--- The data Enclosed Below ---
lemma state_close:
  assumes S: "state U \<phi> {} P2 cand Red Blue"
    and p: "p \<in> P2" and x: "parent (parent (snd p)) \<in> U"
    and s: "s \<in> available U \<phi> P2 cand" "s' \<in> available U \<phi> P2 cand" "s \<noteq> s'"
    and y: "cand p = {y, y'}" "y \<noteq> y'"
  shows "state (insert (snd p) (insert (parent (snd p)) U)) (\<phi>(parent (snd p) := s, snd p := y))
     {} (P2 - {p}) cand
     (insert {s, y} (insert {\<phi> (parent (parent (snd p))), s} Red))
     (insert {s, y'} (insert {\<phi> (parent (parent (snd p))), s'} Blue))"
proof -
  let ?v = "snd p" let ?c = "parent ?v" let ?x = "parent ?c"
  let ?U = "insert ?v (insert ?c U)" and ?\<phi> = "\<phi>(?c := s, ?v := y)"
    and ?Red = "insert {s, y} (insert {\<phi> ?x, s} Red)"
    and ?Blue = "insert {s, y'} (insert {\<phi> ?x, s'} Blue)"
  have T: "tree_embedding U \<phi> Red" and C: "colouring_shape U \<phi> Red Blue"
    and B: "cross_bookkeeping U \<phi> {} P2 cand Red"
    using S unfolding state_def by blast+
  have vc: "?v \<in> V - U - R" "?c \<in> V - U - R" "?c \<noteq> ?v"
    using pending_pair[OF B] p by auto
  then have new: "?v \<notin> U" "?c \<notin> U" "?c \<noteq> ?v" by auto
  have s': "s \<in> W - \<phi> ` U" "s' \<in> W - \<phi> ` U" "s \<notin> cand p" "s' \<notin> cand p"
    using s p unfolding available_def by auto
  have y': "y \<in> W - \<phi> ` U" "y' \<in> W - \<phi> ` U" using gadgets[OF B] p y by auto
  have xW: "\<phi> ?x \<in> \<phi> ` U" "\<phi> ?x \<in> W" using x embedding_to_W[OF T] by auto
  have images: "?\<phi> ?x = \<phi> ?x" "?\<phi> ?c = s" using x new by auto
  have inner: "?x \<in> ?U - leaves V E R" "?c \<in> ?U - leaves V E R"
    using x parent_not_leaf vc by auto
  have edges: "{\<phi> ?x, s} \<in> Kedges W" "{\<phi> ?x, s'} \<in> Kedges W" "{s, y} \<in> Kedges W" "{s, y'} \<in> Kedges W"
    using xW s' y' y by (auto intro!: doubleton_in_Kedges)
  have "tree_embedding (insert ?c U) (\<phi>(?c := s)) ?Red"
    by (rule tree_embedding_extend[OF T]) (use vc new x s' in \<open>auto simp: insert_commute\<close>)
  then have "tree_embedding ?U ?\<phi> ?Red"
    by (rule tree_embedding_extend) (use vc new y' s' y in \<open>auto simp: insert_commute\<close>)
  moreover have "?v \<notin> insert ?c U" using new by auto
  then have "colouring_shape ?U ?\<phi> Red Blue"
    by (rule colouring_shape_extend[OF colouring_shape_extend[OF C new(2)]])
  then have "colouring_shape ?U ?\<phi> (insert {\<phi> ?x, s} Red) (insert {\<phi> ?x, s'} Blue)"
    by (rule colouring_shape_add_star[where T = "{s, s'}", OF _ inner(1)]) (use images edges in auto)
  then have "colouring_shape ?U ?\<phi> ?Red ?Blue"
    by (rule colouring_shape_add_star[where T = "{y, y'}", OF _ inner(2)]) (use images edges in auto)
  moreover have "cross_bookkeeping ?U ?\<phi> {} (P2 - {p}) cand ?Red"
    using cross_bookkeeping_close[OF B C p x s(1)] y by blast
  moreover have "\<forall>u\<in>?U. vertex_budget ?U ?\<phi> {} ?Red ?Blue u"
    using vertex_budgets_close[OF S p x s y] .
  ultimately show ?thesis unfolding state_def by blast
qed

lemma card_available:
  assumes S: "state U \<phi> P1 P2 cand Red Blue"
  shows "card (V - U) + maxdeg V E \<le> card (available U \<phi> P2 cand) + 2 * card P2"
proof -
  have T: "tree_embedding U \<phi> Red" and B: "cross_bookkeeping U \<phi> P1 P2 cand Red"
    using S unfolding state_def by blast+
  have fin: "finite P2" "finite U" using pending_subset[OF B] finite_Q embedded_subset[OF T] finite_V
    by (auto intro: finite_subset)
  have "card (\<Union>(cand ` P2)) \<le> (\<Sum>p\<in>P2. card (cand p))" using card_UN_le[OF fin(1)] .
  also have "\<dots> = 2 * card P2" using gadgets[OF B] by simp
  finally have reserved: "card (\<Union>(cand ` P2)) \<le> 2 * card P2" .
  have "W \<subseteq> available U \<phi> P2 cand \<union> \<phi> ` U \<union> \<Union>(cand ` P2)" unfolding available_def by blast
  then have "card W \<le> card (available U \<phi> P2 cand \<union> \<phi> ` U \<union> \<Union>(cand ` P2))"
    using finite_W gadgets[OF B] fin by (intro card_mono) (auto simp: available_def card_ge_0_finite)
  also have "\<dots> \<le> card (available U \<phi> P2 cand) + card (\<phi> ` U) + card (\<Union>(cand ` P2))"
    by (meson add_le_mono card_Un_le le_refl order_trans)
  also have "card (\<phi> ` U) \<le> card U" using card_image_le[OF fin(2)] .
  finally have "card W \<le> card (available U \<phi> P2 cand) + card U + 2 * card P2" using reserved by linarith
  moreover have "card V = card U + card (V - U)"
    using card_Diff_subset[OF fin(2) embedded_subset[OF T]] card_mono[OF finite_V embedded_subset[OF T]]
    by simp
  ultimately show ?thesis using card_W by linarith
qed
definition step_val :: "nat list \<Rightarrow> nat list \<Rightarrow> tab \<Rightarrow> nat \<Rightarrow> nat" where
  "step_val lamp lam T i = fst (snd (steps lamp lam T ! (i - 1)))"

definition step_row :: "nat list \<Rightarrow> nat list \<Rightarrow> tab \<Rightarrow> nat \<Rightarrow> nat" where
  "step_row lamp lam T i = fst (snd (snd (steps lamp lam T ! (i - 1))))"

definition step_path :: "nat list \<Rightarrow> nat list \<Rightarrow> tab \<Rightarrow> nat \<Rightarrow> (nat \<times> nat) set" where
  "step_path lamp lam T i = snd (snd (snd (steps lamp lam T ! (i - 1))))"

definition has_down_path :: "nat list \<Rightarrow> nat list \<Rightarrow> tab \<Rightarrow> bool" where
  "has_down_path lamp lam T \<longleftrightarrow>
     (\<exists>i. 1 \<le> i \<and> i \<le> length (steps lamp lam T) \<and> 1 \<le> step_row lamp lam T i)"

definition down_m :: "nat list \<Rightarrow> nat list \<Rightarrow> tab \<Rightarrow> nat" where
  "down_m lamp lam T = (if has_down_path lamp lam T
     then (LEAST i. 1 \<le> i \<and> i \<le> length (steps lamp lam T) \<and> 1 \<le> step_row lamp lam T i)
     else length (steps lamp lam T))"

definition down_m' :: "nat list \<Rightarrow> nat list \<Rightarrow> tab \<Rightarrow> nat" where
  "down_m' lamp lam T = (if has_down_path lamp lam T then down_m lamp lam T - 1
     else length (steps lamp lam T))"

definition down_slide :: "nat list \<Rightarrow> nat list \<Rightarrow> tab \<Rightarrow> tab" where
  \<comment> \<open>D(T) for T of shape lamp/_ with lamp/lam the horizontal strip\<close>
  "down_slide lamp lam T =
     foldl (\<lambda>U i. ext_ins U (step_val lamp lam T i))
       (step_tab lamp lam T (down_m lamp lam T)) (rev [1..<Suc (down_m' lamp lam T)])"

definition down_path :: "nat list \<Rightarrow> nat list \<Rightarrow> tab \<Rightarrow> (nat \<times> nat) set" where
  "down_path lamp lam T = step_path lamp lam T (down_m lamp lam T)"

definition exits_right :: "(nat \<times> nat) set \<Rightarrow> nat list \<Rightarrow> nat list \<Rightarrow> bool" where
  \<comment> \<open>the lowest cell of path B lies strictly below every cell of mu/mum\<close>
  "exits_right B mu mum \<longleftrightarrow>
     (\<exists>c\<in>B. (\<forall>c'\<in>B. snd c \<le> snd c') \<and> (\<forall>d\<in>diagram mu - diagram mum. snd c < snd d))"

end

theory Submission
  imports Defs "HOL-Library.Multiset"
begin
--- End of Enclosed The data ---
• What is expected: Every line in the data above that contains the word "steps" should be copied.

• Answer for the task:
  "step_val lamp lam T i = fst (snd (steps lamp lam T ! (i - 1)))"
  "step_row lamp lam T i = fst (snd (snd (steps lamp lam T ! (i - 1))))"
  "step_path lamp lam T i = snd (snd (snd (steps lamp lam T ! (i - 1))))"
     (\<exists>i. 1 \<le> i \<and> i \<le> length (steps lamp lam T) \<and> 1 \<le> step_row lamp lam T i)"
     then (LEAST i. 1 \<le> i \<and> i \<le> length (steps lamp lam T) \<and> 1 \<le> step_row lamp lam T i)
     else length (steps lamp lam T))"
     else length (steps lamp lam T))"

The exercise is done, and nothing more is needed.